Content Patterns That Rank Well

1. Tutorial/How-To Posts

  • Problem statement
  • Prerequisites/Requirements
  • Step-by-step instructions with code
  • Common mistakes section
  • Working examples with real data
  • Troubleshooting tips

2. Gotchas/Mistakes Posts

  • List format (numbered items)
  • Each gotcha gets its own section
  • Explain why it's a problem
  • Show the solution/fix
  • Include code examples

3. Resource Compilation Posts

  • Categorized list (Unix, R, Python, etc.)
  • Brief description of each resource
  • Your personal take/experience
  • Call-to-action for suggestions

4. Benchmarking/Comparison Posts

  • Introduction to the problem
  • List of compared methods/tools
  • Comparison table (optional)
  • Links to papers/resources
  • Your recommendations

5. Deep Technical Tutorials

  • Clear introduction with motivation
  • Background/theory section
  • Detailed walkthrough with code
  • Visualizations and examples
  • Notes and caveats
  • Conclusions/takeaways

Keyword Density Guidelines

Per 1000-word post:

  • Primary keyword: 8-12 times (0.8-1.2%)
  • Secondary keywords: 5-8 times each
  • Natural integration - never force it
  • Include in: title, first paragraph, H2 headers, alt text, conclusion

Example for "seurat tutorial" post:

  • ✅ "seurat" appears 10 times naturally in context
  • ✅ "single cell" appears 8 times
  • ✅ "clustering" appears 5 times
  • ❌ "seurat seurat seurat" = keyword stuffing (avoid!)

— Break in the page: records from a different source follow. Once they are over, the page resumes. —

(* Let $c$ be a statement and $s$ a state. If $((\mathit{Loc}\ c\ \mathit{PTop},\mathit{True}),s) \rightarrow^* (cf',s')$ in the small-step semantics, then there exist a syntactic configuration $cfa'$ and a state $sa'$ such that $\mathit{stmt\_to\_ta}\ c \vdash (\mathit{init\_s}(\mathit{stmt\_to\_ta}\ c), s) \rightarrow^* (cfa',sa')$ and $(cf',s') \approx (cfa',sa')$.
   Context: Syntax. Values: $\mathit{val} ::= \mathit{Bool}\ b \mid \mathit{Null}$. Expressions: $\mathit{expr} ::= \mathit{Val}\ v \mid \mathit{Var}\ x$. Statements: $\mathit{stmt} ::= \mathit{Empty} \mid \mathit{Assign}\ x\ v \mid \mathit{Seq}\ c_1\ c_2 \mid \mathit{Cond}\ e\ c_1\ c_2 \mid \mathit{While}\ e\ c$. Statement paths: $\mathit{stmt\_path} ::= \mathit{PTop} \mid \mathit{PSeqLeft}\ sp\ c_2 \mid \mathit{PSeqRight}\ c_1\ sp \mid \mathit{PCondLeft}\ e\ sp\ c_2 \mid \mathit{PCondRight}\ e\ c_1\ sp \mid \mathit{PWhile}\ e\ sp$. A location is $\mathit{Loc}\ c\ sp$; a syntactic configuration is a pair (location, Boolean). A state maps variable names to $\mathit{Some}\ v$ or $\mathit{None}$; $s(x\mapsto v)$ updates $x$ to $\mathit{Some}\ v$. $\mathit{eval}(\mathit{Val}\ v)\ s=v$; $\mathit{eval}(\mathit{Var}\ x)\ s=v$ if $s\,x=\mathit{Some}\ v$, else $\mathit{Null}$. Next location: $\mathit{next\_loc}\ c\ \mathit{PTop} = (\mathit{Loc}\ c\ \mathit{PTop}, \mathit{False})$; $\mathit{next\_loc}\ c\ (\mathit{PSeqLeft}\ sp\ c_2) = (\mathit{Loc}\ c_2\ (\mathit{PSeqRight}\ c\ sp), \mathit{True})$; $\mathit{next\_loc}\ c\ (\mathit{PSeqRight}\ c_1\ sp) = (\mathit{Loc}\ (\mathit{Seq}\ c_1\ c)\ sp, \mathit{False})$; $\mathit{next\_loc}\ c\ (\mathit{PCondLeft}\ e\ sp\ c_2) = (\mathit{Loc}\ (\mathit{Cond}\ e\ c\ c_2)\ sp, \mathit{False})$; $\mathit{next\_loc}\ c\ (\mathit{PCondRight}\ e\ c_1\ sp) = (\mathit{Loc}\ (\mathit{Cond}\ e\ c_1\ c)\ sp, \mathit{False})$; $\mathit{next\_loc}\ c\ (\mathit{PWhile}\ e\ sp) = (\mathit{Loc}\ (\mathit{While}\ e\ c)\ sp, \mathit{True})$. Small-step semantics $\rightarrow$ on pairs (syntactic configuration, state), least relation with: $((\mathit{Loc}\ \mathit{Empty}\ sp,\mathit{True}),s)\rightarrow((\mathit{Loc}\ \mathit{Empty}\ sp,\mathit{False}),s)$; $((\mathit{Loc}\ (\mathit{Assign}\ x\ v)\ sp,\mathit{True}),s)\rightarrow((\mathit{Loc}\ (\mathit{Assign}\ x\ v)\ sp,\mathit{False}),s(x\mapsto v))$; $((\mathit{Loc}\ (\mathit{Seq}\ c_1\ c_2)\ sp,\mathit{True}),s)\rightarrow((\mathit{Loc}\ c_1\ (\mathit{PSeqLeft}\ sp\ c_2),\mathit{True}),s)$; if $\mathit{eval}\ e\ s=\mathit{Bool}\ \mathit{True}$: $((\mathit{Loc}\ (\mathit{Cond}\ e\ c_1\ c_2)\ sp,\mathit{True}),s)\rightarrow((\mathit{Loc}\ c_1\ (\mathit{PCondLeft}\ e\ sp\ c_2),\mathit{True}),s)$; if $\mathit{eval}\ e\ s=\mathit{Bool}\ \mathit{False}$: $((\mathit{Loc}\ (\mathit{Cond}\ e\ c_1\ c_2)\ sp,\mathit{True}),s)\rightarrow((\mathit{Loc}\ c_2\ (\mathit{PCondRight}\ e\ c_1\ sp),\mathit{True}),s)$; if $\mathit{eval}\ e\ s=\mathit{Bool}\ \mathit{True}$: $((\mathit{Loc}\ (\mathit{While}\ e\ c)\ sp,\mathit{True}),s)\rightarrow((\mathit{Loc}\ c\ (\mathit{PWhile}\ e\ sp),\mathit{True}),s)$; if $\mathit{eval}\ e\ s=\mathit{Bool}\ \mathit{False}$: $((\mathit{Loc}\ (\mathit{While}\ e\ c)\ sp,\mathit{True}),s)\rightarrow((\mathit{Loc}\ (\mathit{While}\ e\ c)\ sp,\mathit{False}),s)$; if $sp\neq\mathit{PTop}$: $((\mathit{Loc}\ c\ sp,\mathit{False}),s)\rightarrow(\mathit{next\_loc}\ c\ sp,s)$. $\rightarrow^*$ is its reflexive-transitive closure. Automata: actions $\mathit{NoAct}$, $\mathit{AssAct}\ x\ v$ with $\mathit{action\_effect}\ \mathit{NoAct}\ s=s$, $\mathit{action\_effect}(\mathit{AssAct}\ x\ v)\ s=s(x\mapsto v)$; an edge is a record $(\mathit{source},\mathit{action},\mathit{dest})$; an automaton has a node list $\mathit{nodes}$, edge list $\mathit{edges}$, initial node $\mathit{init\_s}$. $\mathit{aut}\vdash(l,s)\rightarrow(l',s')$ iff some $e\in\mathit{edges}(\mathit{aut})$ has $\mathit{source}\ e=l$, $\mathit{dest}\ e=l'$, $s'=\mathit{action\_effect}(\mathit{action}\ e)\ s$; $\rightarrow^*$ is the reflexive-transitive closure. $\mathit{all\_locations}\ c\ sp$: contains $\mathit{Loc}\ c\ sp$, plus for $c=\mathit{Seq}\ c_1\ c_2$ the elements of $\mathit{all\_locations}\ c_1\ (\mathit{PSeqLeft}\ sp\ c_2)$ and $\mathit{all\_locations}\ c_2\ (\mathit{PSeqRight}\ c_1\ sp)$; for $c=\mathit{Cond}\ e\ c_1\ c_2$ those of $\mathit{all\_locations}\ c_1\ (\mathit{PCondLeft}\ e\ sp\ c_2)$ and $\mathit{all\_locations}\ c_2\ (\mathit{PCondRight}\ e\ c_1\ sp)$; for $c=\mathit{While}\ e\ c'$ those of $\mathit{all\_locations}\ c'\ (\mathit{PWhile}\ e\ sp)$; nothing else. $\mathit{nodes\_of\_stmt\_locations}$ pairs each location with both $\mathit{True}$ and $\mathit{False}$. $\mathit{synt\_step\_image}$: $(\mathit{Loc}\ \mathit{Empty}\ sp,\mathit{True})\mapsto[(\mathit{Loc}\ \mathit{Empty}\ sp,\mathit{False})]$; $(\mathit{Loc}\ (\mathit{Assign}\ x\ v)\ sp,\mathit{True})\mapsto[(\mathit{Loc}\ (\mathit{Assign}\ x\ v)\ sp,\mathit{False})]$; $(\mathit{Loc}\ (\mathit{Seq}\ c_1\ c_2)\ sp,\mathit{True})\mapsto[(\mathit{Loc}\ c_1\ (\mathit{PSeqLeft}\ sp\ c_2),\mathit{True})]$; $(\mathit{Loc}\ (\mathit{Cond}\ e\ c_1\ c_2)\ sp,\mathit{True})\mapsto[(\mathit{Loc}\ c_1\ (\mathit{PCondLeft}\ e\ sp\ c_2),\mathit{True}),(\mathit{Loc}\ c_2\ (\mathit{PCondRight}\ e\ c_1\ sp),\mathit{True})]$; $(\mathit{Loc}\ (\mathit{While}\ e\ c)\ sp,\mathit{True})\mapsto[(\mathit{Loc}\ c\ (\mathit{PWhile}\ e\ sp),\mathit{True}),(\mathit{Loc}\ (\mathit{While}\ e\ c)\ sp,\mathit{False})]$; $(\mathit{Loc}\ c\ sp,\mathit{False})\mapsto[\,]$ if $sp=\mathit{PTop}$, else $[\mathit{next\_loc}\ c\ sp]$. $\mathit{action\_of\_synt\_config}(\mathit{Loc}\ (\mathit{Assign}\ x\ v)\ sp,\mathit{True})=\mathit{AssAct}\ x\ v$, $\mathit{NoAct}$ otherwise. $\mathit{stmt\_to\_ta}\ c$ is the automaton with $\mathit{nodes}=nds:=\mathit{nodes\_of\_stmt\_locations}(\mathit{all\_locations}\ c\ \mathit{PTop})$, edges the list of all $(\mathit{source}=n,\mathit{action}=\mathit{action\_of\_synt\_config}\ n,\mathit{dest}=t)$ with $n\in nds$ and $t\in\mathit{synt\_step\_image}\ n$, and $\mathit{init\_s}=(\mathit{Loc}\ c\ \mathit{PTop},\mathit{True})$. The relation $\approx$ between (syntactic configuration, state) pairs is equality. *)

theory Defs
  imports Main
begin

type_synonym vname = string

datatype val = Bool bool | Null

datatype expr = Val val | Var vname

datatype stmt = Empty | Assign vname val | Seq stmt stmt | Cond expr stmt stmt | While expr stmt

datatype stmt_path = PTop | PSeqLeft stmt_path stmt | PSeqRight stmt stmt_path
  | PCondLeft expr stmt_path stmt | PCondRight expr stmt stmt_path | PWhile expr stmt_path

datatype location = Loc stmt stmt_path

type_synonym synt_config = "location \<times> bool"

type_synonym state = "vname \<Rightarrow> val option"

type_synonym config = "synt_config \<times> state"

fun eval :: "expr \<Rightarrow> state \<Rightarrow> val" where
  "eval (Val v) s = v"
| "eval (Var x) s = (case s x of Some v \<Rightarrow> v | None \<Rightarrow> Null)"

Featured Snippet Optimization

Question-Answer Format

## What is the difference between FDR and q-value?

**FDR (False Discovery Rate)** is the expected proportion of false positives
among rejected hypotheses, while **q-value** is the minimum FDR at which a
test is called significant.

Key differences:
- **FDR**: Controls the overall rate of false discoveries
- **q-value**: The FDR threshold for each individual test
- **Example**: A q-value of 0.05 means this result is significant at FDR ≤ 5%

[Continue with detailed explanation...]

List Format

## 5 Essential Steps for Single-Cell RNA-seq QC

### 1. Filter Low-Quality Cells

**The Problem**: Dead or damaged cells can skew your analysis...

**The Solution**: Set appropriate thresholds for...

**Code Example**:
[R/Python code here]

Comparison Tables

## Seurat vs Scanpy: Quick Reference

| Feature | Seurat | Scanpy |
|---------|--------|--------|
| Language | R | Python |
| Speed | Moderate | Fast |
| Visualization | Excellent | Good |

**Choose Seurat if**: You work primarily in R and need publication-quality plots...
**Choose Scanpy if**: You work in Python and prioritize speed for large datasets...

Content Topics & Opportunities

High-Priority Topics (Target These First)

Tier 1: High Search Volume

  • Single-cell RNA-seq tutorials (any aspect)
  • Seurat workflow guides
  • DESeq2 differential expression
  • ATAC-seq analysis
  • Data integration methods (Harmony, Seurat integration)
  • Batch correction techniques

Tier 2: Emerging Trends (Get ahead of competition)

  • Spatial transcriptomics (Visium, Xenium)
  • Deep learning for genomics
  • Multi-omics integration
  • Cloud computing for genomics
  • AI/LLMs in bioinformatics
  • Single-cell multimodal (CITE-seq, ASAP-seq)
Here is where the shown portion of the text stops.